■ **PROBLEM DESCRIPTION**:
Copy out each line of the listing below where the string "nondegenerate" appears.

■ **RECORDS TO USE**:
lemma emeasure_rearr_law_Times:
  assumes [measurable]: "random_variable borel X1" "random_variable borel X2"
    and [measurable]: "A \<in> sets borel" "B \<in> sets borel"
  shows "emeasure (rearr_law M X1 X2) (A \<times> B) =
    ennreal ((\<P>(\<omega> in M. X1 \<omega> \<in> A \<and> X2 \<omega> \<in> B) + \<P>(\<omega> in M. X1 \<omega> \<in> B \<and> X2 \<omega> \<in> A)) / 2)"
proof -
  have "emeasure (distr M (borel \<Otimes>\<^sub>M borel) (\<lambda>\<omega>. (Y1 \<omega>, Y2 \<omega>))) (A \<times> B) =
      \<P>(\<omega> in M. Y1 \<omega> \<in> A \<and> Y2 \<omega> \<in> B)"
    if [measurable]: "random_variable borel Y1" "random_variable borel Y2" for Y1 Y2
    by (simp add: emeasure_distr emeasure_eq_measure vimage_def Int_def conj_commute)
  then show ?thesis
    unfolding rearr_law_eq_average_measure
    by (simp add: emeasure_average_measure ennreal_plus[symmetric] ennreal_divide_numeral
        conj_commute del: ennreal_plus)
qed

lemma covar_eq_expectation_mult_diff:
  assumes "integrable M a" "integrable M b" "integrable M (\<lambda>\<omega>. a \<omega> * b \<omega>)"
  shows "covar M a b = expectation (\<lambda>\<omega>. a \<omega> * b \<omega>) - expectation a * expectation b"
proof -
  have "(\<lambda>\<omega>. (a \<omega> - expectation a) * (b \<omega> - expectation b)) =
      (\<lambda>\<omega>. a \<omega> * b \<omega> - expectation b * a \<omega> - (expectation a * b \<omega> - expectation a * expectation b))"
    by (auto simp: algebra_simps)
  then show ?thesis
    using assms by (simp add: covar_def prob_space)
qed

lemma covar_self_pos:
  assumes "in_L2 M a"
  shows "covar M a a > 0"
proof -
  have a: "a \<in> borel_measurable M" and sq: "integrable M (\<lambda>\<omega>. (a \<omega>)\<^sup>2)"
    and nondegenerate: "\<not> (AE \<omega> in M. a \<omega> = expectation a)"
    using assms by (auto simp: in_L2_def)
  have "integrable M (\<lambda>\<omega>. (a \<omega> - expectation a)\<^sup>2)"
    using a sq square_integrable_imp_integrable[OF a sq] by (simp add: power2_diff)
  moreover have "\<not> (AE \<omega> in M. (a \<omega> - expectation a)\<^sup>2 = 0)"
    using nondegenerate by simp
  ultimately have "(\<integral>\<omega>. (a \<omega> - expectation a)\<^sup>2 \<partial>M) \<noteq> 0"
    by (simp add: integral_nonneg_eq_0_iff_AE)
  moreover have "(\<integral>\<omega>. (a \<omega> - expectation a)\<^sup>2 \<partial>M) \<ge> 0"
    by simp
  ultimately have "(\<integral>\<omega>. (a \<omega> - expectation a)\<^sup>2 \<partial>M) > 0"
    by linarith
  then show ?thesis
    by (simp add: covar_def power2_eq_square)
qed

lemma corr_eq_0_iff_covar_eq_0:
  assumes "in_L2 M a" "in_L2 M b"
  shows "corr M a b = 0 \<longleftrightarrow> covar M a b = 0"
  using covar_self_pos[OF assms(1)] covar_self_pos[OF assms(2)] by (simp add: corr_def)

lemma covar_eq_0_of_AE_const:
  assumes "a \<in> borel_measurable M" "b \<in> borel_measurable M" "AE \<omega> in M. a \<omega> = c"
  shows "covar M a b = 0"
proof -
  have "expectation a = c"
    using integral_cong_AE[of a M "\<lambda>_. c"] assms by (simp add: prob_space)
  then have "AE \<omega> in M. (a \<omega> - expectation a) * (b \<omega> - expectation b) = 0"
    using assms(3) by auto
  then show ?thesis
    unfolding covar_def by (rule integral_eq_zero_AE)
qed

lemma IC0_imp_covar_comp_eq_0:
  assumes [measurable]: "random_variable borel X1" "random_variable borel X2"
    and same_distr: "distr M borel X1 = distr M borel X2" and "IC0 M X1 X2"
    and [measurable]: "g \<in> borel_measurable borel"
    and square_integrable: "integrable M (\<lambda>\<omega>. (g (X1 \<omega>))\<^sup>2)"
  shows "covar M (g \<circ> X1) (g \<circ> X2) = 0"
proof (cases "in_L2 M (g \<circ> X1)")
  case True
  moreover from this have "in_L2 M (g \<circ> X2)"
    using in_L2_comp_iff_distr[of X1 M g] in_L2_comp_iff_distr[of X2 M g] same_distr by simp
  ultimately show ?thesis
    using \<open>IC0 M X1 X2\<close> by (simp add: IC0_def corr_eq_0_iff_covar_eq_0)
next
  case False
  then obtain c where "AE \<omega> in M. g (X1 \<omega>) = c"
    using square_integrable by (auto simp: in_L2_def)
  then show ?thesis
    by (intro covar_eq_0_of_AE_const) auto
qed

lemma IC0_imp_expectation_mult_comp:
  fixes g :: "real \<Rightarrow> real"
  assumes [measurable]: "random_variable borel X1" "random_variable borel X2"
    and same_distr: "distr M borel X1 = distr M borel X2" and "IC0 M X1 X2"
    and [measurable]: "g \<in> borel_measurable borel" and bounded: "\<And>x. \<bar>g x\<bar> \<le> C"
  shows "expectation (\<lambda>\<omega>. g (X1 \<omega>) * g (X2 \<omega>)) = (expectation (\<lambda>\<omega>. g (X1 \<omega>)))\<^sup>2"
proof -
  have "\<bar>g x * g y\<bar> \<le> C * C" for x y
    unfolding abs_mult using bounded by (intro mult_mono) (auto intro: order_trans[OF abs_ge_zero])
  then have integrable_mult: "integrable M (\<lambda>\<omega>. g (Y \<omega>) * g (Z \<omega>))"
    if "random_variable borel Y" "random_variable borel Z" for Y Z
    using that by (intro integrable_const_bound[where B="C * C"]) auto
  have integrable: "integrable M (\<lambda>\<omega>. g (X1 \<omega>))" "integrable M (\<lambda>\<omega>. g (X2 \<omega>))"
    using bounded by (auto intro!: integrable_const_bound[where B=C])
  have "expectation (\<lambda>\<omega>. g (X2 \<omega>)) = expectation (\<lambda>\<omega>. g (X1 \<omega>))"
    using integral_distr[of X1 M borel g] integral_distr[of X2 M borel g] same_distr by simp
  then show ?thesis
    using IC0_imp_covar_comp_eq_0[OF assms(1-5)] integrable_mult[of X1 X1]
      covar_eq_expectation_mult_diff[OF integrable integrable_mult]
    by (simp add: comp_def power2_eq_square)
qed

lemma IC0_imp_symmetrized_prob_Times:
  assumes [measurable]: "random_variable borel X1" "random_variable borel X2"
    and "distr M borel X1 = distr M borel X2" and "IC0 M X1 X2"
    and [measurable]: "A \<in> sets borel" "B \<in> sets borel"
  shows "\<P>(\<omega> in M. X1 \<omega> \<in> A \<and> X2 \<omega> \<in> B) + \<P>(\<omega> in M. X1 \<omega> \<in> B \<and> X2 \<omega> \<in> A) =
    2 * \<P>(\<omega> in M. X1 \<omega> \<in> A) * \<P>(\<omega> in M. X1 \<omega> \<in> B)"
proof -
  define cross where
    "cross S T = expectation (\<lambda>\<omega>. indicator S (X1 \<omega>) * indicator T (X2 \<omega>) :: real)" for S T
  have cross_eq: "cross S T = \<P>(\<omega> in M. X1 \<omega> \<in> S \<and> X2 \<omega> \<in> T)" for S T
  proof -
    have "cross S T = expectation (indicator {\<omega> \<in> space M. X1 \<omega> \<in> S \<and> X2 \<omega> \<in> T})"
      unfolding cross_def by (intro Bochner_Integration.integral_cong) (auto split: split_indicator)
    then show ?thesis
      by (simp add: Int_absorb2)
  qed
  have single_eq: "expectation (\<lambda>\<omega>. indicator S (X1 \<omega>) :: real) = \<P>(\<omega> in M. X1 \<omega> \<in> S)" for S
  proof -
    have "expectation (\<lambda>\<omega>. indicator S (X1 \<omega>) :: real) = expectation (indicator {\<omega> \<in> space M. X1 \<omega> \<in> S})"
      by (intro Bochner_Integration.integral_cong) (auto split: split_indicator)
    then show ?thesis
      by (simp add: Int_absorb2)
  qed
  have integrable_cross: "integrable M (\<lambda>\<omega>. indicator S (X1 \<omega>) * indicator T (X2 \<omega>) :: real)"
    if [measurable]: "S \<in> sets borel" "T \<in> sets borel" for S T
    by (intro integrable_const_bound[where B=1]) (auto split: split_indicator)
  have integrable_single: "integrable M (\<lambda>\<omega>. indicator S (X1 \<omega>) :: real)"
    if [measurable]: "S \<in> sets borel" for S
    by (intro integrable_const_bound[where B=1]) (auto split: split_indicator)
  have moment: "expectation (\<lambda>\<omega>. h (X1 \<omega>) * h (X2 \<omega>)) = (expectation (\<lambda>\<omega>. h (X1 \<omega>)))\<^sup>2"
    if "h \<in> borel_measurable borel" "\<And>x. \<bar>h x\<bar> \<le> 2" for h :: "real \<Rightarrow> real"
    using IC0_imp_expectation_mult_comp[OF assms(1-4) that] .
  have "cross S S = (\<P>(\<omega> in M. X1 \<omega> \<in> S))\<^sup>2" if "S \<in> sets borel" for S
    using moment[of "indicator S"] that unfolding cross_def single_eq
    by (simp split: split_indicator)
  moreover
  have "\<bar>indicator A x + indicator B x\<bar> \<le> (2::real)" for x
    by (simp split: split_indicator)
  then have "cross A A + cross A B + cross B A + cross B B =
      (\<P>(\<omega> in M. X1 \<omega> \<in> A) + \<P>(\<omega> in M. X1 \<omega> \<in> B))\<^sup>2"
    using moment[of "\<lambda>x. indicator A x + indicator B x"]
    by (simp add: cross_def distrib_left distrib_right integrable_cross integrable_single
        single_eq[symmetric] add_ac)
  ultimately show ?thesis
    by (simp add: cross_eq[symmetric] power2_eq_square algebra_simps)
qed

lemma IC0_imp_rearr_law_eq_pair_measure:
  assumes [measurable]: "random_variable borel X1" "random_variable borel X2"
    and "distr M borel X1 = distr M borel X2" and "IC0 M X1 X2"
  shows "rearr_law M X1 X2 = distr M borel X1 \<Otimes>\<^sub>M distr M borel X1"
proof (rule pair_measure_eqI[symmetric])
  show "sigma_finite_measure (distr M borel X1)"
    by (intro prob_space_imp_sigma_finite prob_space_distr) simp
  then show "sigma_finite_measure (distr M borel X1)" .
  show "sets (distr M borel X1 \<Otimes>\<^sub>M distr M borel X1) = sets (rearr_law M X1 X2)"
    by simp
  fix A B assume "A \<in> sets (distr M borel X1)" "B \<in> sets (distr M borel X1)"
  then have [measurable]: "A \<in> sets borel" "B \<in> sets borel"
    by simp_all
  have "emeasure (distr M borel X1) S = \<P>(\<omega> in M. X1 \<omega> \<in> S)" if [measurable]: "S \<in> sets borel" for S
    by (simp add: emeasure_distr emeasure_eq_measure vimage_def Int_def conj_commute)
  then show "emeasure (distr M borel X1) A * emeasure (distr M borel X1) B =
      emeasure (rearr_law M X1 X2) (A \<times> B)"
    using IC0_imp_symmetrized_prob_Times[OF assms]
    by (simp add: emeasure_rearr_law_Times ennreal_mult[symmetric])
qed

■ **TASK OUTPUT**:
    and nondegenerate: "\<not> (AE \<omega> in M. a \<omega> = expectation a)"
    using nondegenerate by simp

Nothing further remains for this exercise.